::: Available records

lemma disjoint_lines_parallel:
  assumes "plane X L P" "l \<in> L" "l \<subseteq> P" "m \<in> L" "m \<subseteq> P" "l \<inter> m = {}"
  shows "parallel X L l m"
proof -
  have "m \<inter> l = {}"
    using assms(6) by blast
  then show ?thesis
    unfolding parallel_def subparallel_def
    using disjoint_line_subset_flat_hull[OF assms(1) assms(4,5) assms(2,3) assms(6)]
      disjoint_line_subset_flat_hull[OF assms(1) assms(2,3) assms(4,5)]
    by blast
qed
lemma parallelogramI:
  assumes P: "plane X L P" and points: "a \<in> P" "b \<in> P" "c \<in> P" "a \<noteq> b" "b \<noteq> c"
    and \<Lambda>: "\<Lambda> \<in> L" "c \<in> \<Lambda>" "\<Lambda> \<subseteq> P" "\<Lambda> \<inter> line_through L a b = {}"
    and M: "M \<in> L" "a \<in> M" "M \<subseteq> P" "M \<inter> line_through L b c = {}"
    and d: "d \<in> \<Lambda>" "d \<in> M"
  shows "parallelogram X L a b c d"
proof -
  have "flat X L P"
    using P unfolding plane_def by simp
  note ab = line_through_in_flat[OF this points(1,2,4)]
    and bc = line_through_in_flat[OF this points(2,3,5)]
  have "d \<noteq> c" "d \<noteq> a"
    using d M(4) bc(3) \<Lambda>(4) ab(2) by auto
  then have "line_through L c d = \<Lambda>" "line_through L a d = M"
    using line_eq_line_through \<Lambda>(1,2) M(1,2) d by metis+
  moreover have "parallel X L (line_through L a b) \<Lambda>" "parallel X L (line_through L b c) M"
    using disjoint_lines_parallel[OF P] ab(1,4) bc(1,4) \<Lambda> M by (auto simp: Int_commute)
  moreover have "\<Lambda> \<noteq> line_through L a b" "line_through L b c \<noteq> M"
    using \<Lambda>(2,4) M(2,4) by auto
  moreover have "a \<in> X" "b \<in> X" "c \<in> X" "d \<in> X"
    using points d \<open>flat X L P\<close> \<Lambda>(3) unfolding flat_def by auto
  ultimately show ?thesis
    unfolding parallelogram_def by simp
qed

::::::

Exercise brief> Report the lines above that contain "assms".

Reply>
    using assms(6) by blast
    using disjoint_line_subset_flat_hull[OF assms(1) assms(4,5) assms(2,3) assms(6)]
      disjoint_line_subset_flat_hull[OF assms(1) assms(2,3) assms(4,5)]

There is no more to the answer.